** Opening SUPPLIED RECORDS block **

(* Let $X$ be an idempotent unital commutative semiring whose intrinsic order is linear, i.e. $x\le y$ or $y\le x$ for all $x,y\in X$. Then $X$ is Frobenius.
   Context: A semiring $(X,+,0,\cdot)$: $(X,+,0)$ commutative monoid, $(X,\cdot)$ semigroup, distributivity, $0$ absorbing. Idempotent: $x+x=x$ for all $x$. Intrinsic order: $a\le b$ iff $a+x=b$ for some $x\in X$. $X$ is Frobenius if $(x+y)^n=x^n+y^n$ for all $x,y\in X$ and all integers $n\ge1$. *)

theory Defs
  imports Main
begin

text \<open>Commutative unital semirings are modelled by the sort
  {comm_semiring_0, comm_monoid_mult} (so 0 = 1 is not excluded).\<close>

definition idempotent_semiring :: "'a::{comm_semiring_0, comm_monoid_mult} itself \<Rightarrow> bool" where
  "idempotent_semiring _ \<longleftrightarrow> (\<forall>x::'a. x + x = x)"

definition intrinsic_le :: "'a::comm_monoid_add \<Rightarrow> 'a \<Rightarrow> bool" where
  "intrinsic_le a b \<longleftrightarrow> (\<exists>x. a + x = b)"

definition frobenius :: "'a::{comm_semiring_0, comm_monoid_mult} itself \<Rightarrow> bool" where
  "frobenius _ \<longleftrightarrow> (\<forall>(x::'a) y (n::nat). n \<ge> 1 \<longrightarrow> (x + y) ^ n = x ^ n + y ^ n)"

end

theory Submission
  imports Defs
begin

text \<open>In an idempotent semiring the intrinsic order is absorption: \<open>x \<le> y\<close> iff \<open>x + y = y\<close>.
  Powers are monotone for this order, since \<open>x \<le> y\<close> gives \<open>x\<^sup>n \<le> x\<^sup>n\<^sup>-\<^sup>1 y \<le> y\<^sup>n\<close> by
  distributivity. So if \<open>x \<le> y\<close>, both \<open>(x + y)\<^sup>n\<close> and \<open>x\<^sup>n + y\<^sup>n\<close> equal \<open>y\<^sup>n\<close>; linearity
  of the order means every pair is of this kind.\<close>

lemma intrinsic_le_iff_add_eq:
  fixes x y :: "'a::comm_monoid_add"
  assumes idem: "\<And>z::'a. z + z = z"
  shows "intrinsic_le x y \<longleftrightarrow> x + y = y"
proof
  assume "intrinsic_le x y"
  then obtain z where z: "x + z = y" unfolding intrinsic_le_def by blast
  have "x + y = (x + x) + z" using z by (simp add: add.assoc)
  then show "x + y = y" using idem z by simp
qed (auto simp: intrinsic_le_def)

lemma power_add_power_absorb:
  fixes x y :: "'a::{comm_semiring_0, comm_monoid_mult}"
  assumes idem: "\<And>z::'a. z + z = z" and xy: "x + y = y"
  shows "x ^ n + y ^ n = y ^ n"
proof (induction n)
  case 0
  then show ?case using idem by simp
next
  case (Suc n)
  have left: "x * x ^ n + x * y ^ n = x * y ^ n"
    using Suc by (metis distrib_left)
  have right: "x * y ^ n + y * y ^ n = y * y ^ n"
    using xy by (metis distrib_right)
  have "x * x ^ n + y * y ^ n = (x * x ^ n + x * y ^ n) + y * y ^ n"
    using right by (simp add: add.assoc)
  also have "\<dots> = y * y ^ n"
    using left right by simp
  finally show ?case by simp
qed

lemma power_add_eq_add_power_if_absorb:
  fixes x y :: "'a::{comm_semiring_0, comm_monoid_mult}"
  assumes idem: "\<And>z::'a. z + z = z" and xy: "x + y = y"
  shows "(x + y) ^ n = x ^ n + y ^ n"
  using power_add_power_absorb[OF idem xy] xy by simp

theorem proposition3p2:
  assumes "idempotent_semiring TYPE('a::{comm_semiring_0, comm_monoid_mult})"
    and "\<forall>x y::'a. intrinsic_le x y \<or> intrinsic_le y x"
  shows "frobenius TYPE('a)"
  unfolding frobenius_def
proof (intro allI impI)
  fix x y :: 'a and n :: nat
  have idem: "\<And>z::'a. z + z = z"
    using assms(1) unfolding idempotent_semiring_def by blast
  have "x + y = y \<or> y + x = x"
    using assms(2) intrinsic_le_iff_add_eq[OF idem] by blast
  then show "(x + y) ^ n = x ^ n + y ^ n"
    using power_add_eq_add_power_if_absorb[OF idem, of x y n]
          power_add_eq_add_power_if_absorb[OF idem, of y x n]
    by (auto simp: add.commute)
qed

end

** Closing SUPPLIED RECORDS block **

WHAT THIS TASK INVOLVES ::
Count up the lines in the entries that hold "metis", and respond with that count and no other text.

TASK OUTPUT ::
2